Щерба жадно схватил книгу, читать он любил и недурно читал вслух: быстро отыскав глазами известное ему стихотворение Шарского «Прощанье» и не говоря, чье оно, начал читать его горячо, просто, искренне.
Даже Базилевич соизволил остановиться и прислушаться. Когда подлинное, сильное чувство согреет грудь молодого поэта, когда из сердца его изливаются не выдуманные страданья, не причудливые мысли, а извечные, всегда новые горести, — разве может кто-либо остаться равнодушным? Тут нет надобности в артисте или в знатоке, не нужны ни вкус, ни ученость, нужно только сердце, а сердце есть почти у каждого, кто его в себе не умертвил. Стихотворение представляло собою простое, безыскусное прощанье с местами, где протекали детство и юность, с растущей в саду грушей-старушкой, с домом под зеленой, замшелой кровлей, с сельской церковью, с дерновой скамейкой и со священным порогом родного дома — прощанье, исполненное пронзительного отчаяния и слез, прощанье пылкой юной души.
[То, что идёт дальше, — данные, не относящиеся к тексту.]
lemma complex_sum_sq_transpose_bound:
  fixes b :: "nat \<Rightarrow> nat \<Rightarrow> real" and u :: "nat \<Rightarrow> complex"
  assumes "0 \<le> c" and bound: "\<And>y. (\<Sum>k<m. (\<Sum>i<n. b k i * y i)\<^sup>2) \<le> c * (\<Sum>i<n. (y i)\<^sup>2)"
  shows "(\<Sum>i<n. (cmod (\<Sum>k<m. of_real (b k i) * u k))\<^sup>2) \<le> c * (\<Sum>k<m. (cmod (u k))\<^sup>2)"
proof -
  define w where "w i = (\<Sum>k<m. of_real (b k i) * u k)" for i
  define z where "z k = (\<Sum>i<n. of_real (b k i) * w i)" for k
  define W where "W = (\<Sum>i<n. (cmod (w i))\<^sup>2)"
  define U where "U = (\<Sum>k<m. (cmod (u k))\<^sup>2)"
  define Z where "Z = (\<Sum>k<m. (cmod (z k))\<^sup>2)"
  have "W \<ge> 0" "U \<ge> 0"
    unfolding W_def U_def by (simp_all add: sum_nonneg)
  \<comment> \<open>\<open>W = \<langle>u, B w\<rangle>\<close>, so Cauchy--Schwarz and the bound for \<open>B\<close> give \<open>W\<^sup>2 \<le> U Z \<le> c U W\<close>\<close>
  have "of_real W = (\<Sum>i<n. \<Sum>k<m. u k * (of_real (b k i) * cnj (w i)))"
    unfolding W_def of_real_sum complex_norm_square
    by (intro sum.cong refl, subst (1) w_def) (simp add: sum_distrib_left sum_distrib_right mult_ac)
  also have "\<dots> = (\<Sum>k<m. u k * cnj (z k))"
    by (subst sum.swap) (simp add: z_def sum_distrib_left)
  finally have "W = Re (\<Sum>k<m. u k * cnj (z k))"
    by (metis Re_complex_of_real)
  also have "\<dots> \<le> cmod (\<Sum>k<m. u k * cnj (z k))"
    by (rule complex_Re_le_cmod)
  also have "\<dots> \<le> (\<Sum>k<m. cmod (u k * cnj (z k)))"
    by (rule norm_sum)
  also have "\<dots> = (\<Sum>k<m. cmod (u k) * cmod (z k))"
    by (simp add: norm_mult)
  finally have "W\<^sup>2 \<le> (\<Sum>k<m. cmod (u k) * cmod (z k))\<^sup>2"
    using \<open>W \<ge> 0\<close> by (simp add: power_mono)
  also have "\<dots> \<le> U * Z"
    unfolding U_def Z_def by (rule Cauchy_Schwarz_ineq_sum)
  also have "\<dots> \<le> U * (c * W)"
    using complex_sum_sq_bound[OF bound, of w] \<open>U \<ge> 0\<close>
    unfolding Z_def W_def z_def by (intro mult_left_mono)
  finally have WW: "W * W \<le> (c * U) * W"
    by (simp add: power2_eq_square mult_ac)
  have "W \<le> c * U"
  proof (cases "W = 0")
    case True
    then show ?thesis
      using \<open>0 \<le> c\<close> \<open>U \<ge> 0\<close> by simp
  next
    case False
    then show ?thesis
      using mult_right_le_imp_le[OF WW] \<open>W \<ge> 0\<close> by simp
  qed
  then show ?thesis
    unfolding W_def U_def w_def .
qed

lemma eigenvector_rayleigh_identity:
  fixes A :: "real mat"
  assumes "A \<in> carrier_mat n n" and "eigenvalue (map_mat complex_of_real A) l"
  obtains v :: "nat \<Rightarrow> complex" where "(\<Sum>i<n. (cmod (v i))\<^sup>2) > 0"
    "l * of_real (\<Sum>i<n. (cmod (v i))\<^sup>2) = (\<Sum>i<n. cnj (v i) * (\<Sum>j<n. of_real (A $$ (i, j)) * v j))"
proof -
  obtain x where x: "x \<in> carrier_vec n" "x \<noteq> 0\<^sub>v n" "map_mat complex_of_real A *\<^sub>v x = l \<cdot>\<^sub>v x"
    using assms unfolding eigenvalue_def eigenvector_def by auto
  have eq: "(\<Sum>j<n. of_real (A $$ (i, j)) * x $ j) = l * x $ i" if "i < n" for i
    using arg_cong[OF x(3), of "\<lambda>y. y $ i"] that assms(1) x(1)
    by (simp add: scalar_prod_def lessThan_atLeast0)
  obtain i where "i < n" "x $ i \<noteq> 0"
    using x(1,2) by (metis carrier_vecD eq_vecI index_zero_vec)
  then have "(\<Sum>i<n. (cmod (x $ i))\<^sup>2) > 0"
    by (intro sum_pos2[of _ i]) auto
  moreover have "(\<Sum>i<n. cnj (x $ i) * (\<Sum>j<n. of_real (A $$ (i, j)) * x $ j))
      = (\<Sum>i<n. l * (x $ i * cnj (x $ i)))"
    using eq by (intro sum.cong refl) (simp add: mult_ac)
  moreover have "\<dots> = l * of_real (\<Sum>i<n. (cmod (x $ i))\<^sup>2)"
    by (simp only: of_real_sum complex_norm_square sum_distrib_left)
  ultimately show thesis
    using that by simp
qed

lemma hermitian_form_congruence:
  fixes a e :: "nat \<Rightarrow> nat \<Rightarrow> real" and c t :: "nat \<Rightarrow> real" and v :: "nat \<Rightarrow> complex"
  assumes "\<And>i j. i < n \<Longrightarrow> j < n \<Longrightarrow> a i j = c i * c j * (\<Sum>d<m. e i d * e j d * t d)"
  shows "(\<Sum>i<n. cnj (v i) * (\<Sum>j<n. of_real (a i j) * v j))
    = of_real (\<Sum>d<m. t d * (cmod (\<Sum>j<n. of_real (e j d) * (of_real (c j) * v j)))\<^sup>2)"
proof -
  define u where "u j = of_real (c j) * v j" for j
  define w where "w d = (\<Sum>j<n. of_real (e j d) * u j)" for d
  have "(\<Sum>i<n. cnj (v i) * (\<Sum>j<n. of_real (a i j) * v j))
      = (\<Sum>i<n. \<Sum>j<n. \<Sum>d<m. of_real (t d) * ((of_real (e i d) * cnj (u i)) * (of_real (e j d) * u j)))"
    using assms by (intro sum.cong refl)
      (simp add: u_def sum_distrib_left sum_distrib_right mult_ac)
  also have "\<dots> = (\<Sum>d<m. of_real (t d) * (cnj (w d) * w d))"
    unfolding w_def by (simp add: sum_distrib_left sum_distrib_right sum.swap[of _ "{..<m}"] mult_ac)
  also have "\<dots> = of_real (\<Sum>d<m. t d * (cmod (w d))\<^sup>2)"
    by (simp only: of_real_sum of_real_mult complex_norm_square) (simp add: mult_ac)
  finally show ?thesis
    unfolding w_def u_def .
qed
В этом контрасте девственного чувства и страдальчески звучащего прощанья, слова которого, казалось, могли бы исходить из уст осужденного на смерть или на изгнание или умирающего старца, и заключалась величайшая тайна прелести стихов и их силы.
Шарский, изгнанный отцом и знающий его неумолимое сердце, горючими слезами оросил эти несколько кровоточащих строф — они могли бы составить часть целой поэмы, тут каждое слово дышало поэзией и неизбывным, жгучим страданием.
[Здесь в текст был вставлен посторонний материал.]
lemma gauss_word_split_at_label:
  assumes "label_count w c = 2"
  obtains al x u y be where "w = al @ x # u @ y # be" "fst x = c" "fst y = c"
    "c \<notin> labels al" "c \<notin> labels u" "c \<notin> labels be"
    "smooth_comp1 w c = u" "smooth_comp2 w c = be @ al"
proof -
  have "card (cpos w c) = 2"
    using assms by (simp add: label_count_def cpos_def length_filter_conv_card)
  then obtain i j where ij: "cpos w c = {i, j}" "i < j"
    by (metis card_2_iff insert_commute linorder_neqE_nat)
  then have ijw: "i < length w" "j < length w" "fst (w ! i) = c" "fst (w ! j) = c"
    by (auto simp: cpos_def)
  define al u be where "al = take i w" and "u = take (j - i - 1) (drop (Suc i) w)"
    and "be = drop (Suc j) w"
  have "drop (j - i - 1) (drop (Suc i) w) = w ! j # be"
    using ij ijw by (simp add: be_def Cons_nth_drop_Suc add.commute)
  then have "drop (Suc i) w = u @ w ! j # be"
    by (metis append_take_drop_id u_def)
  then have w: "w = al @ w ! i # u @ w ! j # be"
    using id_take_nth_drop[OF ijw(1)] by (simp add: al_def)
  have "Min (cpos w c) = i" "Max (cpos w c) = j"
    using ij by auto
  then have "smooth_comp1 w c = u" "smooth_comp2 w c = be @ al"
    by (simp_all add: smooth_comp1_def smooth_comp2_def al_def u_def be_def)
  moreover have "label_count w c = label_count al c + label_count u c + label_count be c + 2"
    using ijw by (subst w) simp
  then have "c \<notin> labels al" "c \<notin> labels u" "c \<notin> labels be"
    using assms by (simp_all flip: label_count_eq_0_iff)
  ultimately show thesis
    using that w ijw by blast
qed

lemma even_length_plus_card_shared_labels:
  assumes "\<And>d. d \<in> labels u \<Longrightarrow> label_count u d + label_count v d = 2"
  shows "even (length u + card (labels u \<inter> labels v))"
proof -
  let ?S = "labels u \<inter> labels v"
  have "label_count u d = (if d \<in> ?S then 1 else 2)" if "d \<in> labels u" for d
    using assms[OF that] that label_count_eq_0_iff[of u d] label_count_eq_0_iff[of v d] by auto
  then have "length u = (\<Sum>d\<in>labels u. if d \<in> ?S then 1 else 2)"
    by (simp add: length_eq_sum_label_count[of u] cong: sum.cong)
  also have "\<dots> = card ?S + 2 * card (labels u - ?S)"
  proof -
    have "labels u \<inter> ?S = ?S" "labels u \<inter> - ?S = labels u - ?S"
      by auto
    then show ?thesis
      by (simp only: sum.If_cases[OF finite_labels] Collect_mem_eq) simp
  qed
  finally show ?thesis by simp
qed

lemma Lbar_eq_index_sum_parity:
  assumes wf: "wf_gdiag K" and c: "c \<in> labels (fst K)"
  shows "Lbar K c = (index_sum (fst K) c + 1) mod 2"
proof -
  obtain al x u y be where split: "fst K = al @ x # u @ y # be" "fst x = c" "fst y = c"
    "c \<notin> labels al" "c \<notin> labels u" "c \<notin> labels be"
    "smooth_comp1 (fst K) c = u" "smooth_comp2 (fst K) c = be @ al"
    using gauss_word_split_at_label[OF label_count_eq_2[OF assms]] .
  let ?S = "labels u \<inter> labels (be @ al)"
  have "index_sum (fst K) c = 2 * length al + length u + 1"
    using split by (simp add: index_sum_append index_sum_eq_0 label_count_eq_0_iff)
  moreover have "even (length u + card ?S)"
  proof (rule even_length_plus_card_shared_labels)
    fix d assume d: "d \<in> labels u"
    then have "label_count (fst K) d = label_count u d + label_count (be @ al) d"
      using split by auto
    moreover have "d \<in> labels (fst K)"
      using split d by auto
    ultimately show "label_count u d + label_count (be @ al) d = 2"
      using label_count_eq_2[OF wf] by auto
  qed
  moreover have "Lk K c mod 2 = int (card ?S) mod 2"
    unfolding Lk_def split(7,8)
    by (rule sum_plus_minus_one_mod_2) (use wf split in \<open>auto simp: wf_gdiag_def\<close>)
  ultimately have "(index_sum (fst K) c + 1) mod 2 = card ?S mod 2"
    and "Lk K c mod 2 = int (card ?S mod 2)"
    by (presburger, simp add: of_nat_mod)
  then show ?thesis
    by (simp add: Lbar_def)
qed

definition crossing_term :: "gdiag \<Rightarrow> nat \<Rightarrow> int poly" where
  "crossing_term K c = monom (snd K c) ((index_sum (fst K) c + 1) mod 2)"

definition gauss_gamma :: "gdiag \<Rightarrow> int poly" where
  "gauss_gamma K = (\<Sum>c\<in>labels (fst K). crossing_term K c)"

lemma gamma_eq_gauss_gamma: "wf_gdiag K \<Longrightarrow> gamma K = gauss_gamma K"
  unfolding gamma_def gauss_gamma_def crossing_term_def
  by (intro sum.cong) (auto simp: Lbar_eq_index_sum_parity)

lemma crossing_term_eqI:
  assumes "snd K' c = snd K c" and "even (index_sum (fst K') c + index_sum (fst K) c)"
  shows "crossing_term K' c = crossing_term K c"
proof -
  have "(index_sum (fst K') c + 1) mod 2 = (index_sum (fst K) c + 1) mod 2"
    using assms(2) by presburger
  then show ?thesis
    by (simp add: crossing_term_def assms(1))
qed

lemma gauss_gamma_eqI:
  assumes "labels (fst K') = labels (fst K)"
    and "\<And>c. c \<in> labels (fst K) \<Longrightarrow> snd K' c = snd K c"
    and "\<And>c. c \<in> labels (fst K) \<Longrightarrow> even (index_sum (fst K') c + index_sum (fst K) c)"
  shows "gauss_gamma K' = gauss_gamma K"
  unfolding gauss_gamma_def assms(1) by (intro sum.cong refl crossing_term_eqI assms)

lemma even_index_sum_rotate:
  assumes "label_count u c + label_count v c = 2" and "even (length u + length v)"
  shows "even (index_sum (v @ u) c + index_sum (u @ v) c)"
proof -
  have "label_count u c = 0 \<and> label_count v c = 2 \<or> label_count u c = 1 \<and> label_count v c = 1
      \<or> label_count u c = 2 \<and> label_count v c = 0"
    using assms(1) by auto
  then show ?thesis
    using assms(2) by (elim disjE) (auto simp: index_sum_append)
qed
Когда Щерба начал читать, все притихли, но вот, закончив последнюю строфу, он медленно поднял взор и увидел, что и хозяйка дома, и барышни, и даже весельчак хозяин — все плачут! О, каким это могло быть триумфом для поэта, будь он в состоянии его воспринять, им насладиться, но Шарский был настолько сконфужен и взволнован, что голова у него шла кругом, — он ничего не слышал и не видел, кроме шума, яркого света и какой-то мучительной суматохи вокруг себя.
Барышни и мамаша засыпали Щербу вопросами: «Чье это? Чье?» А тот лишь указал рукою на полуживого автора.
— Ох, я и впрямь разревелась, как ребенок! — восклицала хозяйка, утирая слезы. — Слыханное ли дело — сочинять такие печальные стихи!
— Слыханное ли дело! — повторил вслед за женою пан Чурбан, пожимая плечами. — Не лучше ли заставлять людей смеяться, чем плакать?
— Прелестно! Прелестно! — щебетали барышни и поглядывали — но теперь уже как-то по-другому — на пылающего от стыда Шарского.
Один Базилевич стоял молча и не хвалил стихи. Оно и не удивительно, ведь сравнивая впечатление от своих сонетов и от элегии товарища, он чувствовал себя глубоко обиженным.
«Глупое стадо! — говорил он про себя. — Гусыни, гусыни!»
— Очень недурно, — наконец изрек он, по-наполеоновски заложив руку за борт мундира, — но надеюсь, пан Станислав, ты разрешишь немного покритиковать?
Стась лишь теперь осмелился поднять глаза.
— Почему бы нет! — воскликнул он. — Критикуй! Авось чему-нибудь научусь!
— Поэзия этого рода не в духе века, — педантично начал самозваный аристарх. — Ныне не такие времена, чтобы мы, как нищие, потрясая лохмотьями, обнажая свои язвы, молили о капле жалости! Это поэзия болезненная, которую великий Гете насмешливо обозвал «лазаретной поэзией».
— Возможно, — возразил Шарский, — но ты не думай, что я придаю слишком большую цену этому крику души, вырвавшемуся вовсе не для того, чтобы выклянчить сочувствие, нет, я писал его, чтобы выплакаться!